─── Data extracts ───

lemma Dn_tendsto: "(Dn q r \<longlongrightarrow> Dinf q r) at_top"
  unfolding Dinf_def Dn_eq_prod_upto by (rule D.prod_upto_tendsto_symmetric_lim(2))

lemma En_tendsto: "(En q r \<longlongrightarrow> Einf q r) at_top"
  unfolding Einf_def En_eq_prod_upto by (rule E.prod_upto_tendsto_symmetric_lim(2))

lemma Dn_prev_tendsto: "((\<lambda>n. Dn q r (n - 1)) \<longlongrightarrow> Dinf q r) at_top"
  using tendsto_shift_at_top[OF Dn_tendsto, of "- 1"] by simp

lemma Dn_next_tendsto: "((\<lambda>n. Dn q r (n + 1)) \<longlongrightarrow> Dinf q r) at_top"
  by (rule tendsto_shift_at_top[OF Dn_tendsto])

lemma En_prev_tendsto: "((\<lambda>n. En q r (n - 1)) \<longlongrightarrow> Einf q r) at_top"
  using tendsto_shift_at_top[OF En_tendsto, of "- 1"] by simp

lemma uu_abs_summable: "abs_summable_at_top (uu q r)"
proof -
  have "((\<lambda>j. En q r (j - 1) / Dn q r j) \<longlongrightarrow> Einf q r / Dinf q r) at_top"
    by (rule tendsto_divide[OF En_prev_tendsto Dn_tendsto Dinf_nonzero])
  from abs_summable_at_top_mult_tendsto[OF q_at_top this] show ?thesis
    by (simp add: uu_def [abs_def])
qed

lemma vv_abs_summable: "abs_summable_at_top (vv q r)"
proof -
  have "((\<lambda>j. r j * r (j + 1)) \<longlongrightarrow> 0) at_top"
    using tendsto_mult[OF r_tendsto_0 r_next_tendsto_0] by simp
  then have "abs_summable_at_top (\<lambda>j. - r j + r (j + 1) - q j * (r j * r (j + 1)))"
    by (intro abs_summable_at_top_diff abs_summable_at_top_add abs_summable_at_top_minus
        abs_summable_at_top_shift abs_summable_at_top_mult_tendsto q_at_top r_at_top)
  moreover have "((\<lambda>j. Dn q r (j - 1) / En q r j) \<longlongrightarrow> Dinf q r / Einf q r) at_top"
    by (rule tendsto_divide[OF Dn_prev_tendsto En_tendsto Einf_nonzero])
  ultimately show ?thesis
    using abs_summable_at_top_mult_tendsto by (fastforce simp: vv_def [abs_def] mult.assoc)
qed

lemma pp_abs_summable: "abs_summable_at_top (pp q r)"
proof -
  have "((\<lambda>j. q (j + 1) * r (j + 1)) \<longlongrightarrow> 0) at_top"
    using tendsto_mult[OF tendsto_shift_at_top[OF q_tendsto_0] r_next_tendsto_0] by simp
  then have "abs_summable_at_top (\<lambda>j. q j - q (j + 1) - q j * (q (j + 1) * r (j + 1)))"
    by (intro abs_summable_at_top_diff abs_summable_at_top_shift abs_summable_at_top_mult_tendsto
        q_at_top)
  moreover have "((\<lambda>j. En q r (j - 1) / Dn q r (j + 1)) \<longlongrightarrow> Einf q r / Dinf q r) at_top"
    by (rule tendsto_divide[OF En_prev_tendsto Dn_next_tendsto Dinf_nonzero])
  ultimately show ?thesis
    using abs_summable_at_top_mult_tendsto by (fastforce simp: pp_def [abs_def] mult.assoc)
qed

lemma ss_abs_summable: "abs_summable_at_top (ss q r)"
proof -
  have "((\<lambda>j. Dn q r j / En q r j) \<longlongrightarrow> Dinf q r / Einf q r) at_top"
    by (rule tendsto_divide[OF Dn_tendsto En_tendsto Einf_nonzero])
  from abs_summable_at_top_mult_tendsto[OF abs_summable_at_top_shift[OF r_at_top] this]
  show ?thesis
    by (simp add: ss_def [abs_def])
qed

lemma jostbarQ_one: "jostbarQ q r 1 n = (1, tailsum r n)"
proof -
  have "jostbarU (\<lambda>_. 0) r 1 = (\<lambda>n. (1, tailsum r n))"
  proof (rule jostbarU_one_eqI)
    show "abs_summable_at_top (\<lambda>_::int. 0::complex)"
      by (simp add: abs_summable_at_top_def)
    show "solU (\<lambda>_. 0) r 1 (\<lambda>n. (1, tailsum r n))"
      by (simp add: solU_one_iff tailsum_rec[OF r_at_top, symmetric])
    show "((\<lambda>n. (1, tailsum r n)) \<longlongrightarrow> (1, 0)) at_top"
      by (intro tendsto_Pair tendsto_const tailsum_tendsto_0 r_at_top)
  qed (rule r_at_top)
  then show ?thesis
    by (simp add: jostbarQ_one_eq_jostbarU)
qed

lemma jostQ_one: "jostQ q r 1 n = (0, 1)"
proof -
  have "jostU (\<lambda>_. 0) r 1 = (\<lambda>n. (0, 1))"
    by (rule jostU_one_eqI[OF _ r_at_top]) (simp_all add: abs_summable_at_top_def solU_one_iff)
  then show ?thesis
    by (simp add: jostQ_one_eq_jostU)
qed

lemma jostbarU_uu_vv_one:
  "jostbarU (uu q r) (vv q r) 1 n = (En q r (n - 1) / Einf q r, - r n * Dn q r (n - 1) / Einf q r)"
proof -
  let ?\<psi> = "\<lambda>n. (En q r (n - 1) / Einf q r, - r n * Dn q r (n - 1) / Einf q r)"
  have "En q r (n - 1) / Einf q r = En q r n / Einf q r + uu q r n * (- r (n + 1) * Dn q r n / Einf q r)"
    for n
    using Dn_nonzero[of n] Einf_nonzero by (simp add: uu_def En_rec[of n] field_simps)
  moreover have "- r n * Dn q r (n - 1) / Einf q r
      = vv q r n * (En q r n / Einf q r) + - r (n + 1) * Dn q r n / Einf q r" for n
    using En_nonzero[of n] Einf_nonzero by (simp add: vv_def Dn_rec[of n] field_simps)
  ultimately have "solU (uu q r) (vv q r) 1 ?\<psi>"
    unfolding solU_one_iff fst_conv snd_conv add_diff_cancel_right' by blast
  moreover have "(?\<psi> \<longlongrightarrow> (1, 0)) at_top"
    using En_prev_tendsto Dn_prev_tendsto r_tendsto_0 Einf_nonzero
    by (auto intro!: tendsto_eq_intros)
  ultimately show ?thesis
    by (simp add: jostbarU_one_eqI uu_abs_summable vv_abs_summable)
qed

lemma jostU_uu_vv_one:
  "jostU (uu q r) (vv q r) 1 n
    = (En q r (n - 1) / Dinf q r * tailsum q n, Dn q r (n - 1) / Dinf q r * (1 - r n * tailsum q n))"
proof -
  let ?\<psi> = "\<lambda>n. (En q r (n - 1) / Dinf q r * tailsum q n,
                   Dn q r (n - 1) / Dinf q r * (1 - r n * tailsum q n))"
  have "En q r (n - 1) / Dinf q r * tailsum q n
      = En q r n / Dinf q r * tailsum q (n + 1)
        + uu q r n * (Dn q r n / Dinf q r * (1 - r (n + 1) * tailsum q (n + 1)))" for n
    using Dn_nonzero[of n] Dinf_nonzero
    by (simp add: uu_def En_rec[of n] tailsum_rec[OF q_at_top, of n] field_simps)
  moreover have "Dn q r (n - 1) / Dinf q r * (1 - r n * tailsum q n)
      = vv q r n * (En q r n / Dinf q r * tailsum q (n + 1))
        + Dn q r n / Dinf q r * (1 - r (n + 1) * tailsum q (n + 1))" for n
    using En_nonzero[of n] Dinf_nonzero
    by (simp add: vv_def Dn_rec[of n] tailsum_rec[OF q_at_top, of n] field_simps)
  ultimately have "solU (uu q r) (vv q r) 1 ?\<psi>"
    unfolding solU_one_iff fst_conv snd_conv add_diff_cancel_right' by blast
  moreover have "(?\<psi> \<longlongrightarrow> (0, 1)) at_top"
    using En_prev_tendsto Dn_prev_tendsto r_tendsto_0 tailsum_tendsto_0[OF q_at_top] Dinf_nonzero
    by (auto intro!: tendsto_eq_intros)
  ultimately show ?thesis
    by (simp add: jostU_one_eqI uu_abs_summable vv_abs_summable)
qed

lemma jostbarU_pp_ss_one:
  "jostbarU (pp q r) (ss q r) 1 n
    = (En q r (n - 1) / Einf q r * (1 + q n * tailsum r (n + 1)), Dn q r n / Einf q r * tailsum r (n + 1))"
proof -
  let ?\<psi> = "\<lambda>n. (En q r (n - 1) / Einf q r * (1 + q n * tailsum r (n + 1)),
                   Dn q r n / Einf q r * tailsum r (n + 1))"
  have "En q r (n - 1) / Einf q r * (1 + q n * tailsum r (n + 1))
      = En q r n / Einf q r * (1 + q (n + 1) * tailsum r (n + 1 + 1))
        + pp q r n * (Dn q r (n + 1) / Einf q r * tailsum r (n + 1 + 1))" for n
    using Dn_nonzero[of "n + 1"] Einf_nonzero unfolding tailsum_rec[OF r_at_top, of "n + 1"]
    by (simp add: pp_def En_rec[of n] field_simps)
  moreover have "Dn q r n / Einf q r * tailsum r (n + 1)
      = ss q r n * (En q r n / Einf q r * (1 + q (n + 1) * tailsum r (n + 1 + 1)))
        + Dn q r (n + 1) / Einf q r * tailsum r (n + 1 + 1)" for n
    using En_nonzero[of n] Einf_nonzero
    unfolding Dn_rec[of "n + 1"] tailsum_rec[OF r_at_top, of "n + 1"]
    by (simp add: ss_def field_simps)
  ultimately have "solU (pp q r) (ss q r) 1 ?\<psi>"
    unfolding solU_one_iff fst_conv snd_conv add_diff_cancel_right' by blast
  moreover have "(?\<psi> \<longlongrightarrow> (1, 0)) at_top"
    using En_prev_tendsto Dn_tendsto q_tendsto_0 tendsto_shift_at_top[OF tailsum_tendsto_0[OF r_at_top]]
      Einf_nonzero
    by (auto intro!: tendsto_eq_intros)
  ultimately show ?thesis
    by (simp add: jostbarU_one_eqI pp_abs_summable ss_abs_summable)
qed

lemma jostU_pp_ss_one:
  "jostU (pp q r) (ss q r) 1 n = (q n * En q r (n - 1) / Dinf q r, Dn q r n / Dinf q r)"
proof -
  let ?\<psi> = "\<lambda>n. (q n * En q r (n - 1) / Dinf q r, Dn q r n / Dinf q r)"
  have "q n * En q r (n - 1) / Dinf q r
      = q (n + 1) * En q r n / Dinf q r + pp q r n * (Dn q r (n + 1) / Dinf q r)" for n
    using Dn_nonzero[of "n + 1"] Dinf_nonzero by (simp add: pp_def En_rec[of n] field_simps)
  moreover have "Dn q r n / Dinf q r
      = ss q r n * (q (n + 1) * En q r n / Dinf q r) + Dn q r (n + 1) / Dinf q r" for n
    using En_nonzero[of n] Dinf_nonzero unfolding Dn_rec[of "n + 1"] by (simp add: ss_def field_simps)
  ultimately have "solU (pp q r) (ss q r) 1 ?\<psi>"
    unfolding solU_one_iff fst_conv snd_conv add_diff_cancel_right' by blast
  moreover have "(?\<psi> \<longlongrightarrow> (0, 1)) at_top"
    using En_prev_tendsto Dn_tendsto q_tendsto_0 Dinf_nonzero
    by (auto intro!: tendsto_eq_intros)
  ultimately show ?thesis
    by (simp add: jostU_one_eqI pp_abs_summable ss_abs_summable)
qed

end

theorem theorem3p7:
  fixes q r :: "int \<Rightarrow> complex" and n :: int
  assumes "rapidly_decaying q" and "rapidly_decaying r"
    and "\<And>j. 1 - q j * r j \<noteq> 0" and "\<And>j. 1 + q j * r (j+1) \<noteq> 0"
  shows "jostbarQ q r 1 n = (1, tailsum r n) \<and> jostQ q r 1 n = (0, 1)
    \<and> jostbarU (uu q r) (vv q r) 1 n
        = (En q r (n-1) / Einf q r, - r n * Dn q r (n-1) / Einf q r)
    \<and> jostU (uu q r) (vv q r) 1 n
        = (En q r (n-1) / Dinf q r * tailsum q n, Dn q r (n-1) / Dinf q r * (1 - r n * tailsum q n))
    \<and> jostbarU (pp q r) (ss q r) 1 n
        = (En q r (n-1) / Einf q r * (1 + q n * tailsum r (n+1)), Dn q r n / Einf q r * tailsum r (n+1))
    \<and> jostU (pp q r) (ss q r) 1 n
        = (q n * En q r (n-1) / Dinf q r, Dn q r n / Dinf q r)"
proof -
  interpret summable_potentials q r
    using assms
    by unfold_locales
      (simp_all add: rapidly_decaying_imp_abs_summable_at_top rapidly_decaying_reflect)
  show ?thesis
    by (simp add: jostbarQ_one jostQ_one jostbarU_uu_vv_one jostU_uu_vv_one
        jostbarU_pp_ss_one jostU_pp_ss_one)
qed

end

───

▶ **Work order**
A word-for-word copy of the entries, from the first line through the line containing "(\<lambda>j. q j", is the whole answer.

▶ **Result of the exercise**
lemma Dn_tendsto: "(Dn q r \<longlongrightarrow> Dinf q r) at_top"
  unfolding Dinf_def Dn_eq_prod_upto by (rule D.prod_upto_tendsto_symmetric_lim(2))

lemma En_tendsto: "(En q r \<longlongrightarrow> Einf q r) at_top"
  unfolding Einf_def En_eq_prod_upto by (rule E.prod_upto_tendsto_symmetric_lim(2))

lemma Dn_prev_tendsto: "((\<lambda>n. Dn q r (n - 1)) \<longlongrightarrow> Dinf q r) at_top"
  using tendsto_shift_at_top[OF Dn_tendsto, of "- 1"] by simp

lemma Dn_next_tendsto: "((\<lambda>n. Dn q r (n + 1)) \<longlongrightarrow> Dinf q r) at_top"
  by (rule tendsto_shift_at_top[OF Dn_tendsto])

lemma En_prev_tendsto: "((\<lambda>n. En q r (n - 1)) \<longlongrightarrow> Einf q r) at_top"
  using tendsto_shift_at_top[OF En_tendsto, of "- 1"] by simp

lemma uu_abs_summable: "abs_summable_at_top (uu q r)"
proof -
  have "((\<lambda>j. En q r (j - 1) / Dn q r j) \<longlongrightarrow> Einf q r / Dinf q r) at_top"
    by (rule tendsto_divide[OF En_prev_tendsto Dn_tendsto Dinf_nonzero])
  from abs_summable_at_top_mult_tendsto[OF q_at_top this] show ?thesis
    by (simp add: uu_def [abs_def])
qed

lemma vv_abs_summable: "abs_summable_at_top (vv q r)"
proof -
  have "((\<lambda>j. r j * r (j + 1)) \<longlongrightarrow> 0) at_top"
    using tendsto_mult[OF r_tendsto_0 r_next_tendsto_0] by simp
  then have "abs_summable_at_top (\<lambda>j. - r j + r (j + 1) - q j * (r j * r (j + 1)))"
    by (intro abs_summable_at_top_diff abs_summable_at_top_add abs_summable_at_top_minus
        abs_summable_at_top_shift abs_summable_at_top_mult_tendsto q_at_top r_at_top)
  moreover have "((\<lambda>j. Dn q r (j - 1) / En q r j) \<longlongrightarrow> Dinf q r / Einf q r) at_top"
    by (rule tendsto_divide[OF Dn_prev_tendsto En_tendsto Einf_nonzero])
  ultimately show ?thesis
    using abs_summable_at_top_mult_tendsto by (fastforce simp: vv_def [abs_def] mult.assoc)
qed

lemma pp_abs_summable: "abs_summable_at_top (pp q r)"
proof -
  have "((\<lambda>j. q (j + 1) * r (j + 1)) \<longlongrightarrow> 0) at_top"
    using tendsto_mult[OF tendsto_shift_at_top[OF q_tendsto_0] r_next_tendsto_0] by simp
  then have "abs_summable_at_top (\<lambda>j. q j - q (j + 1) - q j * (q (j + 1) * r (j + 1)))"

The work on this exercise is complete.